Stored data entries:
######

(* Let $\hat h^\bullet$ be a relative differential extension of a cohomology theory $h^\bullet$ and let $\rho\colon A\to X$ be a smooth map of manifolds. Let $\Omega^\bullet_{\mathrm{ch}}(\rho)\subset\Omega^\bullet_{\mathrm{cl}}(\rho;\mathfrak h^\bullet_{\mathbb R})$ be the subgroup of closed relative forms $(\omega,\eta)$ whose de Rham class $[(\omega,\eta)]\in H^\bullet_{dR}(\rho;\mathfrak h^\bullet_{\mathbb R})$ lies in the image of the Chern character $\mathrm{ch}\colon h^\bullet(\rho)\to H^\bullet_{dR}(\rho;\mathfrak h^\bullet_{\mathbb R})$. Then the image of the curvature $R\colon\hat h^\bullet(\rho)\to\Omega^\bullet_{\mathrm{cl}}(\rho;\mathfrak h^\bullet_{\mathbb R})$ is exactly $\Omega^\bullet_{\mathrm{ch}}(\rho)$; consequently the sequence $$0\to\hat h^\bullet_{\mathrm{fl}}(\rho)\to\hat h^\bullet(\rho)\xrightarrow{R}\Omega^\bullet_{\mathrm{ch}}(\rho)\to 0$$ is exact, where $\hat h^\bullet_{\mathrm{fl}}(\rho)=\ker R$ is the group of flat classes.
   Context: Let $h^\bullet$ be a cohomology theory defined on continuous maps: for a map $\rho\colon A\to X$, $h^\bullet(\rho)$ is its relative cohomology (the reduced cohomology of the mapping cone), fitting in the long exact sequence $\cdots\to h^n(\rho)\to h^n(X)\xrightarrow{\rho^*}h^n(A)\to h^{n+1}(\rho)\to\cdots$. Put $\mathfrak h^\bullet=h^\bullet(pt)$, $\mathfrak h^\bullet_{\mathbb R}=\mathfrak h^\bullet\otimes_{\mathbb Z}\mathbb R$. Let $\mathcal M_2$ be the category whose objects are smooth maps $\rho\colon A\to X$ between smooth manifolds (possibly with boundary), a morphism from $\eta\colon B\to Y$ to $\rho$ being a pair $(f,g)$ of smooth maps $f\colon Y\to X$, $g\colon B\to A$ with $f\circ\eta=\rho\circ g$. For $\rho\colon A\to X$ set $\Omega^\bullet(\rho;\mathfrak h^\bullet_{\mathbb R})=\Omega^\bullet(X;\mathfrak h^\bullet_{\mathbb R})\oplus\Omega^{\bullet-1}(A;\mathfrak h^\bullet_{\mathbb R})$ (graded by total degree) with differential $d(\omega,\eta)=(d\omega,\rho^*\omega-d\eta)$; its cohomology is $H^\bullet_{dR}(\rho;\mathfrak h^\bullet_{\mathbb R})$, and $\mathrm{ch}$ denotes the relative Chern character of $h^\bullet$. A relative differential extension of $h^\bullet$ is a contravariant functor $\hat h^\bullet$ from $\mathcal M_2$ to graded abelian groups with natural transformations $I\colon\hat h^\bullet(\rho)\to h^\bullet(\rho)$, $R\colon\hat h^\bullet(\rho)\to\Omega^\bullet_{\mathrm{cl}}(\rho;\mathfrak h^\bullet_{\mathbb R})$ and $a\colon\Omega^{\bullet-1}(\rho;\mathfrak h^\bullet_{\mathbb R})/\mathrm{Im}(d)\to\hat h^\bullet(\rho)$ such that: (A1) $R\circ a=d$; (A2) the de Rham class of $R(\hat\alpha)$ equals $\mathrm{ch}(I(\hat\alpha))$; (A3) the sequence $h^{\bullet-1}(\rho)\xrightarrow{\mathrm{ch}}\Omega^{\bullet-1}(\rho;\mathfrak h^\bullet_{\mathbb R})/\mathrm{Im}(d)\xrightarrow{a}\hat h^\bullet(\rho)\xrightarrow{I}h^\bullet(\rho)\to0$ is exact; (A4) writing $R=(R',\mathrm{cov})$ for the two components and $\pi$ for the natural morphism from the object $\emptyset\to X$ to $\rho$ (with $\hat h^\bullet(X):=\hat h^\bullet(\emptyset\to X)$), one has $\rho^*\circ\pi^*=a\circ\mathrm{cov}$. A class $\hat\alpha$ is flat if $R(\hat\alpha)=0$. *)

theory Defs
  imports Main "HOL-Library.Product_Plus"
begin

(* Graded abelian groups are modelled as an ambient abelian group type together
   with the family of its degree-n components (subgroups), indexed by n :: int. *)

definition subgrp :: "'a::ab_group_add set \<Rightarrow> bool" where
  "subgrp S \<longleftrightarrow> 0 \<in> S \<and> (\<forall>x\<in>S. \<forall>y\<in>S. x + y \<in> S \<and> x - y \<in> S)"

definition additive_on :: "'a::ab_group_add set \<Rightarrow> ('a \<Rightarrow> 'b::ab_group_add) \<Rightarrow> bool" where
  "additive_on S f \<longleftrightarrow> (\<forall>x\<in>S. \<forall>y\<in>S. f (x + y) = f x + f y)"

(* de Rham data of rho : A -> X with coefficients in h_R:
   forms on X (FX n, differential dX), forms on A (FA n, differential dA),
   pullback rho^* = pull. *)
definition deRham_data ::
  "(int \<Rightarrow> 'x::ab_group_add set) \<Rightarrow> ('x \<Rightarrow> 'x) \<Rightarrow>
   (int \<Rightarrow> 'y::ab_group_add set) \<Rightarrow> ('y \<Rightarrow> 'y) \<Rightarrow> ('x \<Rightarrow> 'y) \<Rightarrow> bool" where
  "deRham_data FX dX FA dA pull \<longleftrightarrow>
     (\<forall>n. subgrp (FX n) \<and> subgrp (FA n)
        \<and> dX ` FX n \<subseteq> FX (n+1) \<and> additive_on (FX n) dX
        \<and> (\<forall>w\<in>FX n. dX (dX w) = 0)
        \<and> dA ` FA n \<subseteq> FA (n+1) \<and> additive_on (FA n) dA
        \<and> (\<forall>e\<in>FA n. dA (dA e) = 0)
        \<and> pull ` FX n \<subseteq> FA n \<and> additive_on (FX n) pull
        \<and> (\<forall>w\<in>FX n. pull (dX w) = dA (pull w)))"

definition rel_forms :: "(int \<Rightarrow> 'x set) \<Rightarrow> (int \<Rightarrow> 'y set) \<Rightarrow> int \<Rightarrow> ('x \<times> 'y) set" where
  "rel_forms FX FA n = FX n \<times> FA (n - 1)"

definition rel_d :: "('x \<Rightarrow> 'x) \<Rightarrow> ('y \<Rightarrow> 'y) \<Rightarrow> ('x \<Rightarrow> 'y) \<Rightarrow> 'x \<times> 'y \<Rightarrow> 'x \<times> ('y::ab_group_add)" where
  "rel_d dX dA pull = (\<lambda>(w, e). (dX w, pull w - dA e))"

definition closed_rel_forms ::
  "(int \<Rightarrow> 'x::ab_group_add set) \<Rightarrow> (int \<Rightarrow> 'y::ab_group_add set) \<Rightarrow> ('x \<Rightarrow> 'x) \<Rightarrow> ('y \<Rightarrow> 'y)
   \<Rightarrow> ('x \<Rightarrow> 'y) \<Rightarrow> int \<Rightarrow> ('x \<times> 'y) set" where
  "closed_rel_forms FX FA dX dA pull n = {p \<in> rel_forms FX FA n. rel_d dX dA pull p = 0}"

(* Chern character ch : h^n(rho) -> H^n_dR(rho; h_R), given by a choice of closed
   representative chr x of the de Rham class ch(x); additivity is required in
   cohomology, i.e. up to exact forms. *)
definition chern_data ::
  "(int \<Rightarrow> 'x::ab_group_add set) \<Rightarrow> ('x \<Rightarrow> 'x) \<Rightarrow> (int \<Rightarrow> 'y::ab_group_add set) \<Rightarrow> ('y \<Rightarrow> 'y)
   \<Rightarrow> ('x \<Rightarrow> 'y) \<Rightarrow> (int \<Rightarrow> 'c::ab_group_add set) \<Rightarrow> ('c \<Rightarrow> 'x \<times> 'y) \<Rightarrow> bool" where
  "chern_data FX dX FA dA pull C chr \<longleftrightarrow>
     (\<forall>n. subgrp (C n)
        \<and> chr ` C n \<subseteq> closed_rel_forms FX FA dX dA pull n
        \<and> (\<forall>x\<in>C n. \<forall>y\<in>C n. \<exists>q\<in>rel_forms FX FA (n - 1).
              chr (x + y) = chr x + chr y + rel_d dX dA pull q))"

definition Omega_ch ::
  "(int \<Rightarrow> 'x::ab_group_add set) \<Rightarrow> ('x \<Rightarrow> 'x) \<Rightarrow> (int \<Rightarrow> 'y::ab_group_add set) \<Rightarrow> ('y \<Rightarrow> 'y)
   \<Rightarrow> ('x \<Rightarrow> 'y) \<Rightarrow> (int \<Rightarrow> 'c set) \<Rightarrow> ('c \<Rightarrow> 'x \<times> 'y) \<Rightarrow> int \<Rightarrow> ('x \<times> 'y) set" where
  "Omega_ch FX dX FA dA pull C chr n =
     {p \<in> closed_rel_forms FX FA dX dA pull n.
        \<exists>x\<in>C n. \<exists>q\<in>rel_forms FX FA (n - 1). p = chr x + rel_d dX dA pull q}"

(* Axioms (A1)-(A3) of a relative differential extension, evaluated at the object rho.
   a is given on forms and required to vanish on exact forms (so it is defined on
   Omega^{n-1}/Im d). *)
definition rel_diff_ext_at ::
  "(int \<Rightarrow> 'x::ab_group_add set) \<Rightarrow> ('x \<Rightarrow> 'x) \<Rightarrow> (int \<Rightarrow> 'y::ab_group_add set) \<Rightarrow> ('y \<Rightarrow> 'y)
   \<Rightarrow> ('x \<Rightarrow> 'y) \<Rightarrow> (int \<Rightarrow> 'c::ab_group_add set) \<Rightarrow> ('c \<Rightarrow> 'x \<times> 'y)
   \<Rightarrow> (int \<Rightarrow> 'h::ab_group_add set) \<Rightarrow> ('h \<Rightarrow> 'c) \<Rightarrow> ('h \<Rightarrow> 'x \<times> 'y) \<Rightarrow> ('x \<times> 'y \<Rightarrow> 'h) \<Rightarrow> bool" where
  "rel_diff_ext_at FX dX FA dA pull C chr Hat I R a \<longleftrightarrow>
     (\<forall>n. subgrp (Hat n)
        \<and> I ` Hat n \<subseteq> C n \<and> additive_on (Hat n) I
        \<and> R ` Hat n \<subseteq> closed_rel_forms FX FA dX dA pull n \<and> additive_on (Hat n) R
        \<and> a ` rel_forms FX FA (n - 1) \<subseteq> Hat n \<and> additive_on (rel_forms FX FA (n - 1)) a
        \<and> (\<forall>q\<in>rel_forms FX FA (n - 2). a (rel_d dX dA pull q) = 0)
        \<comment> \<open>(A1) R o a = d\<close>
        \<and> (\<forall>q\<in>rel_forms FX FA (n - 1). R (a q) = rel_d dX dA pull q)
        \<comment> \<open>(A2) [R alpha] = ch (I alpha)\<close>
        \<and> (\<forall>\<alpha>\<in>Hat n. \<exists>q\<in>rel_forms FX FA (n - 1). R \<alpha> = chr (I \<alpha>) + rel_d dX dA pull q)
        \<comment> \<open>(A3) exactness at Omega^{n-1}/Im d\<close>
        \<and> (\<forall>q\<in>rel_forms FX FA (n - 1).
             a q = 0 \<longleftrightarrow> (\<exists>x\<in>C (n - 1). \<exists>r\<in>rel_forms FX FA (n - 2). q = chr x + rel_d dX dA pull r))
        \<comment> \<open>(A3) exactness at hat h^n\<close>
        \<and> (\<forall>\<alpha>\<in>Hat n. I \<alpha> = 0 \<longleftrightarrow> (\<exists>q\<in>rel_forms FX FA (n - 1). \<alpha> = a q))
        \<comment> \<open>(A3) surjectivity of I\<close>
        \<and> I ` Hat n = C n)"

definition flat_classes :: "(int \<Rightarrow> 'h set) \<Rightarrow> ('h \<Rightarrow> 'x::ab_group_add \<times> 'y::ab_group_add) \<Rightarrow> int \<Rightarrow> 'h set" where
  "flat_classes Hat R n = {\<alpha> \<in> Hat n. R \<alpha> = 0}"

end

theory Submission
  imports Defs
begin

text \<open>Every closed form representing a class in the image of ch is a curvature:
  given \<open>w = chr x + d q\<close>, lift \<open>x\<close> through the surjection \<open>I\<close> to some \<open>\<beta>\<close>;
  by (A2) \<open>R \<beta> = chr x + d q'\<close>, and by (A1) the correction \<open>\<beta> + a (q - q')\<close> has
  curvature exactly \<open>w\<close>. The converse inclusion is (A2) itself.\<close>

lemma subgrp_Times:
  assumes "subgrp S" "subgrp T"
  shows "subgrp (S \<times> T)"
  using assms unfolding subgrp_def by (auto simp: zero_prod_def)

lemma additive_on_diff:
  assumes "subgrp S" "additive_on S f" "x \<in> S" "y \<in> S"
  shows "f (x - y) = f x - f y"
proof -
  have "x - y \<in> S" using assms(1,3,4) unfolding subgrp_def by blast
  then have "f (x - y + y) = f (x - y) + f y"
    using assms(2,4) unfolding additive_on_def by blast
  then show ?thesis by (simp add: algebra_simps)
qed

lemma subgrp_rel_forms:
  assumes "deRham_data FX dX FA dA pull"
  shows "subgrp (rel_forms FX FA m)"
  using assms unfolding deRham_data_def rel_forms_def by (blast intro: subgrp_Times)

lemma additive_on_rel_d:
  assumes "deRham_data FX dX FA dA pull"
  shows "additive_on (rel_forms FX FA m) (rel_d dX dA pull)"
proof -
  have "additive_on (FX m) dX" "additive_on (FX m) pull" "additive_on (FA (m - 1)) dA"
    using assms unfolding deRham_data_def by blast+
  then show ?thesis
    unfolding additive_on_def rel_forms_def rel_d_def by (auto simp: algebra_simps)
qed

lemma rel_diff_ext_atD:
  assumes "rel_diff_ext_at FX dX FA dA pull C chr Hat I R a"
  shows "subgrp (Hat n)" and "additive_on (Hat n) R"
    and "R ` Hat n \<subseteq> closed_rel_forms FX FA dX dA pull n"
    and "a ` rel_forms FX FA (n - 1) \<subseteq> Hat n"
    and "\<And>q. q \<in> rel_forms FX FA (n - 1) \<Longrightarrow> R (a q) = rel_d dX dA pull q"
    and "\<And>\<alpha>. \<alpha> \<in> Hat n \<Longrightarrow>
           \<exists>q\<in>rel_forms FX FA (n - 1). R \<alpha> = chr (I \<alpha>) + rel_d dX dA pull q"
    and "I ` Hat n = C n"
  using assms[unfolded rel_diff_ext_at_def, THEN spec[of _ n]] by (elim conjE; blast)+

lemma curvature_image_subset_Omega_ch:
  assumes "rel_diff_ext_at FX dX FA dA pull C chr Hat I R a"
  shows "R ` Hat n \<subseteq> Omega_ch FX dX FA dA pull C chr n"
proof
  fix w assume "w \<in> R ` Hat n"
  then obtain \<beta> where \<beta>: "\<beta> \<in> Hat n" "w = R \<beta>" by blast
  have "w \<in> closed_rel_forms FX FA dX dA pull n" "I \<beta> \<in> C n"
    using rel_diff_ext_atD(3,7)[OF assms] \<beta> by blast+
  moreover obtain q where "q \<in> rel_forms FX FA (n - 1)" "R \<beta> = chr (I \<beta>) + rel_d dX dA pull q"
    using rel_diff_ext_atD(6)[OF assms \<beta>(1)] by blast
  ultimately show "w \<in> Omega_ch FX dX FA dA pull C chr n"
    unfolding Omega_ch_def using \<beta>(2) by blast
qed

lemma Omega_ch_subset_curvature_image:
  assumes dR: "deRham_data FX dX FA dA pull"
    and ext: "rel_diff_ext_at FX dX FA dA pull C chr Hat I R a"
  shows "Omega_ch FX dX FA dA pull C chr n \<subseteq> R ` Hat n"
proof
  let ?d = "rel_d dX dA pull"
  fix w assume "w \<in> Omega_ch FX dX FA dA pull C chr n"
  then obtain x q where x: "x \<in> C n" and q: "q \<in> rel_forms FX FA (n - 1)"
    and w: "w = chr x + ?d q"
    unfolding Omega_ch_def by blast
  obtain \<beta> where \<beta>: "\<beta> \<in> Hat n" "I \<beta> = x"
    using rel_diff_ext_atD(7)[OF ext] x by (metis imageE)
  obtain q' where q': "q' \<in> rel_forms FX FA (n - 1)" "R \<beta> = chr x + ?d q'"
    using rel_diff_ext_atD(6)[OF ext \<beta>(1)] \<beta>(2) by blast
  have "q - q' \<in> rel_forms FX FA (n - 1)"
    using subgrp_rel_forms[OF dR] q q'(1) unfolding subgrp_def by blast
  then have a_corr: "a (q - q') \<in> Hat n" "R (a (q - q')) = ?d q - ?d q'"
    using rel_diff_ext_atD(4,5)[OF ext]
      additive_on_diff[OF subgrp_rel_forms[OF dR] additive_on_rel_d[OF dR] q q'(1)]
    by auto
  have "\<beta> + a (q - q') \<in> Hat n"
    using rel_diff_ext_atD(1)[OF ext] \<beta>(1) a_corr(1) unfolding subgrp_def by blast
  moreover have "R (\<beta> + a (q - q')) = w"
    using rel_diff_ext_atD(2)[OF ext] \<beta>(1) a_corr q'(2) w unfolding additive_on_def by simp
  ultimately show "w \<in> R ` Hat n" by (metis image_eqI)
qed

theorem lemma2p4:
  fixes FX :: "int \<Rightarrow> 'x::ab_group_add set" and dX :: "'x \<Rightarrow> 'x"
    and FA :: "int \<Rightarrow> 'y::ab_group_add set" and dA :: "'y \<Rightarrow> 'y"
    and pull :: "'x \<Rightarrow> 'y"
    and C :: "int \<Rightarrow> 'c::ab_group_add set" and chr :: "'c \<Rightarrow> 'x \<times> 'y"
    and Hat :: "int \<Rightarrow> 'h::ab_group_add set" and I :: "'h \<Rightarrow> 'c"
    and R :: "'h \<Rightarrow> 'x \<times> 'y" and a :: "'x \<times> 'y \<Rightarrow> 'h"
  assumes "deRham_data FX dX FA dA pull"
    and "chern_data FX dX FA dA pull C chr"
    and "rel_diff_ext_at FX dX FA dA pull C chr Hat I R a"
  shows "R ` Hat n = Omega_ch FX dX FA dA pull C chr n
    \<and> flat_classes Hat R n = {\<alpha> \<in> Hat n. R \<alpha> = 0}
    \<and> (\<forall>w\<in>Omega_ch FX dX FA dA pull C chr n. \<exists>\<alpha>\<in>Hat n. R \<alpha> = w)"
proof -
  have image: "R ` Hat n = Omega_ch FX dX FA dA pull C chr n"
    using curvature_image_subset_Omega_ch[OF assms(3)]
      Omega_ch_subset_curvature_image[OF assms(1,3)] by (rule subset_antisym)
  then show ?thesis by (auto simp: flat_classes_def image[symmetric])
qed

end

######

◆ **ASSIGNMENT**
Each line from the one holding "using curvature_image_subset_Omega_ch[OF assms(3)]" through the last line of the data is to be transcribed exactly, with nothing else added.

◆ **TASK OUTPUT**
    using curvature_image_subset_Omega_ch[OF assms(3)]
      Omega_ch_subset_curvature_image[OF assms(1,3)] by (rule subset_antisym)
  then show ?thesis by (auto simp: flat_classes_def image[symmetric])
qed

end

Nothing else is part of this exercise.